= Randy Charles Epping =

Financial author

Randy Charles Epping is an American author based in Zürich,
Switzerland. He may be best known for his A Beginner's Guide to the World Economy, which has been translated into 14 languages, and the follow-up The 21st Century Economy-A Beginner's Guide published by Vintage Books. He is also the author of a financial thriller, Trust, under the name Charles Epping, the first novel published by Greenleaf Book Group Press.

==Life and work==
Epping received his bachelor's degree from the University of Notre Dame, a master's degree from the Université de Paris IV-Sorbonne, and a master's degree in International Relations from Yale University. He went on to work in international finance for more than 25 years, beginning with Banque Paribas Suisse in Geneva (and working in London, Hamburg, São Paulo, and Zürich).
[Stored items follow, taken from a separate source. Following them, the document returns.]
text \<open>Coxeter length of w in S_m (permutations of positions {0..<m}) = number of inversions.\<close>
definition perm_len :: "nat \<Rightarrow> (nat \<Rightarrow> nat) \<Rightarrow> nat" where
  "perm_len m w = card {(a, b). a < b \<and> b < m \<and> w b < w a}"

text \<open>Right place-permutation action on multi-indices: (i.w)_t = i_{w(t)}.\<close>
definition place_perm :: "nat list \<Rightarrow> (nat \<Rightarrow> nat) \<Rightarrow> nat list" where
  "place_perm is w = map (\<lambda>t. is ! w t) [0..<length is]"

definition omit :: "nat \<Rightarrow> nat \<Rightarrow> nat list" where
  "omit n i = filter (\<lambda>j. j \<noteq> i) [1..<Suc n]"

definition kappa_coef :: "'a::comm_ring_1 \<Rightarrow> nat \<Rightarrow> nat \<Rightarrow> nat list \<Rightarrow> 'a" where
  "kappa_coef q n i ks = (- q) ^ i *
     (\<Sum>w\<in>{w. w permutes {..<n - 1}}. (- q) ^ perm_len (n - 1) w *
        (if ks = place_perm (omit n i) w then 1 else 0))"

definition kappa :: "'a::comm_ring_1 \<Rightarrow> nat \<Rightarrow> (nat \<Rightarrow> 'a) \<Rightarrow> nat list \<Rightarrow> 'a" where
  "kappa q n c = (\<lambda>ks. \<Sum>i\<in>{1..n}. c i * kappa_coef q n i ks)"

end

theory Submission
  imports Defs
begin
lemma Lusin_space_imp_K_Lindelof:
  assumes L: "Lusin_space X"
  shows "K_Lindelof X"
  unfolding K_Lindelof_def
proof (intro allI impI)
  fix \<U> assume \<U>: "K_family X \<U>"
  note op = K_family_openin[OF \<U>]
  define \<Q> where "\<Q> = {V. openin X V \<and> V \<noteq> {} \<and> (\<exists>U\<in>\<U>. V \<subseteq> U)}"
  obtain \<M> where \<M>: "\<M> \<subseteq> \<Q>" and disj: "pairwise disjnt \<M>"
    and max: "\<And>W. W \<in> \<Q> \<Longrightarrow> W \<noteq> {} \<Longrightarrow> \<exists>D\<in>\<M>. \<not> disjnt W D"
    using maximal_pairwise_disjnt_subset[of \<Q>] by blast
  have "countable \<M>"
    using \<M> unfolding \<Q>_def by (intro Lusin_space_countable_disjoint_openin[OF L disj]) auto
  have "\<forall>D\<in>\<M>. \<exists>U. U \<in> \<U> \<and> D \<subseteq> U" using \<M> unfolding \<Q>_def by blast
  then obtain u where u: "\<forall>D\<in>\<M>. u D \<in> \<U> \<and> D \<subseteq> u D" by (rule bchoice[THEN exE])
  let ?G = "\<Union>(u ` \<M>)"
  have "T = {}" if T: "openin X T" "T \<subseteq> topspace X - ?G" for T
  proof (rule ccontr)
    assume "T \<noteq> {}"
    then obtain z where z: "z \<in> T" by blast
    then obtain U where U: "U \<in> \<U>" "z \<in> X closure_of U"
      using K_family_cover[OF \<U>] T openin_subset[of X T] by blast
    then have "T \<inter> U \<noteq> {}"
      using z openin_Int_closure_of_eq_empty[OF T(1), of U] by blast
    moreover have "openin X (T \<inter> U)" using T(1) op[OF U(1)] by blast
    ultimately obtain D where "D \<in> \<M>" "\<not> disjnt (T \<inter> U) D"
      using max[of "T \<inter> U"] U(1) unfolding \<Q>_def by blast
    moreover have "D \<subseteq> ?G" using u \<open>D \<in> \<M>\<close> by blast
    ultimately show False using T(2) unfolding disjnt_def by blast
  qed
  then have "X closure_of ?G = topspace X"
    unfolding closure_of_eq_topspace interior_of_eq_empty by blast
  moreover have "u ` \<M> \<subseteq> \<U>" using u by blast
  moreover have "countable (u ` \<M>)" using \<open>countable \<M>\<close> by blast
  ultimately show "\<exists>\<V>. \<V> \<subseteq> \<U> \<and> countable \<V> \<and> K_family X \<V>"
    by (intro Lusin_space_countable_K_subfamily_of_dense[OF L \<U>])
qed
lemma card_lines_of_code_le:
  fixes C :: "('a::{finite,field} ^ 5) set set"
  assumes code: "subspace_code 3 C" and S: "S \<in> C" "vec.dim S = 4"
  shows "card {L \<in> C. vec.dim L = 2} \<le> CARD('a) ^ 3"
proof -
  have subspace: "vec.subspace L" if "L \<in> C" for L
    using code that unfolding subspace_code_def by blast
  have "\<not> L \<subseteq> S" if "L \<in> C" "vec.dim L = 2" for L
  proof
    assume "L \<subseteq> S"
    then have "L \<subset> S"
      using that(2) S(2) by auto
    then show False
      using subspace_code_dim_psubset[OF code that(1) S(1)] S(2) that(2) by simp
  qed
  moreover have "L \<inter> M = {0}"
    if "L \<in> C" "vec.dim L = 2" "M \<in> C" "vec.dim M = 2" "L \<noteq> M" for L M
  proof -
    have LM: "vec.subspace L" "vec.subspace M"
      using subspace that by auto
    have "3 \<le> subspace_dist L M"
      using subspace_code_dist_ge[OF code] that by blast
    then have "vec.dim (L \<inter> M) = 0"
      using subspace_dist_add_dim_Int[OF LM] that by linarith
    then show ?thesis
      using vec.subspace_0[OF vec.subspace_inter[OF LM]] by auto
  qed
  ultimately show ?thesis
    using card_lines_meeting_trivially_le[of S "{L \<in> C. vec.dim L = 2}"] subspace S
    by auto
qed

theorem lemma1p1:
  fixes C :: "('a::{finite,field} ^ 5) set set"
  assumes "optimal_subspace_code 3 C"
  shows "((\<exists>P\<in>C. vec.dim P = 1) \<longrightarrow> card {U \<in> C. vec.dim U = 3} \<le> CARD('a) ^ 3) \<and>
         ((\<exists>S\<in>C. vec.dim S = 4) \<longrightarrow> card {U \<in> C. vec.dim U = 2} \<le> CARD('a) ^ 3)"
proof -
  have code: "subspace_code 3 C"
    using assms unfolding optimal_subspace_code_def by blast
  show ?thesis
    using card_planes_of_code_le[OF code] card_lines_of_code_le[OF code] by blast
qed

end
lemma dhat_hhat_anticommutator:
  fixes F :: "'n::{finite,linorder} series"
  assumes "finite T"
  shows "dhat l (hhat m F) (k,M,T) p + hhat m (dhat l F) (k,M,T) p
    = (if l = m then real (weight l (k,M,T)) * F (k,M,T) p else 0)"
proof -
  let ?A = "dhat_indices l (k,M,T)" and ?B = "hhat_indices m (k,M,T)"
  let ?X = "\<lambda>s t. F (k, add_mset (l,s) M - {#(m,t)#}, insert (m,t+1) (T - {(l,s+1)})) p"
  let ?D = "\<Sum>s\<in>?A. \<Sum>t\<in>?B. koszul_sign T (l,s+1) * koszul_sign (T - {(l,s+1)}) (m,t+1)
    * (real (count M (l,s)) + 1) * ?X s t"
  let ?H = "\<Sum>t\<in>?B. \<Sum>s\<in>?A. koszul_sign T (m,t+1) * koszul_sign (insert (m,t+1) T) (l,s+1)
    * (real (count M (l,s)) + 1) * ?X s t"
  have "?D = - (\<Sum>s\<in>?A. \<Sum>t\<in>?B. koszul_sign T (m,t+1) * koszul_sign (insert (m,t+1) T) (l,s+1)
      * (real (count M (l,s)) + 1) * ?X s t)"
    unfolding sum_negf[symmetric]
  proof (intro sum.cong refl)
    fix s t assume "s \<in> ?A" "t \<in> ?B"
    then have "(l,s+1) \<in> T" "(m,t+1) \<notin> T" by (auto simp: dhat_indices_def hhat_indices_def)
    from koszul_sign_exchange[OF assms this]
    show "koszul_sign T (l,s+1) * koszul_sign (T - {(l,s+1)}) (m,t+1) * (real (count M (l,s)) + 1) * ?X s t
      = - (koszul_sign T (m,t+1) * koszul_sign (insert (m,t+1) T) (l,s+1)
        * (real (count M (l,s)) + 1) * ?X s t)"
      by simp
  qed
  moreover have "?H = (\<Sum>s\<in>?A. \<Sum>t\<in>?B. koszul_sign T (m,t+1) * koszul_sign (insert (m,t+1) T) (l,s+1)
      * (real (count M (l,s)) + 1) * ?X s t)"
    by (rule sum.swap)
  ultimately have cancel: "?D + ?H = 0" by simp
  have dh: "dhat l (hhat m F) (k,M,T) p
      = (if l = m then (\<Sum>s\<in>?A. (real (count M (l,s)) + 1) * F (k,M,T) p) else 0) + ?D"
    by (rule dhat_hhat_expand[OF assms])
  have hd: "hhat m (dhat l F) (k,M,T) p
      = (if l = m then (\<Sum>t\<in>?B. real (count M (l,t)) * F (k,M,T) p) else 0) + ?H"
    by (rule hhat_dhat_expand[OF assms])
  show ?thesis
  proof (cases "l = m")
    case True
    have "real (weight l (k,M,T)) * F (k,M,T) p
        = (\<Sum>s\<in>?A. (real (count M (l,s)) + 1) * F (k,M,T) p) + (\<Sum>t\<in>?B. real (count M (l,t)) * F (k,M,T) p)"
      unfolding weight_eq_sum_count[OF assms] True by (simp add: distrib_right sum_distrib_right)
    then show ?thesis using dh hd cancel True by simp
  next
    case False
    then show ?thesis using dh hd cancel by simp
  qed
qed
He is current managing director for an international consulting company based in Switzerland, IFS Project Management AG.

In The 21st Century Economy-A Beginner's Guide Epping argues that economic literacy is essential in what he calls our "fusion economy", where what happens in one corner of the globe can have an immediate impact on the rest of the world. The book is well-reviewed by Library Journal, which calls the work "remarkably accessible."

In Trust, Epping explores the possibility of a forgotten "Treuhand" account — an account opened in another person's name in order to keep the real owner secret — thousands of which were opened by Jewish families in Switzerland as the Nazis invaded Europe. Epping speculates that if such an account were never returned to the family, or stolen by the trustee, it would have multiplied a thousand times over the past six decades. Much of the book is based on the real-life details of Epping's work with a Jewish family trying to reclaim buildings in Berlin that they had owned before World War II.

==Central Europe Foundation==

In 1999, Epping became president of Central Europe Foundation (Mitteleuropa-stiftung), which provides scholarships to students from throughout Central and Eastern Europe and awards the annual Dr. Elemér Hantos Prize "to a person, persons, or organization for outstanding achievement in promoting Economic Cooperation in Central and Eastern Europe". Recent recipients of the prize have been human-rights activist and Czech President Václav Havel and Austrian Vice-Chancellor Erhard Busek who served as Special Coordinator of the Stability Pact for South Eastern Europe.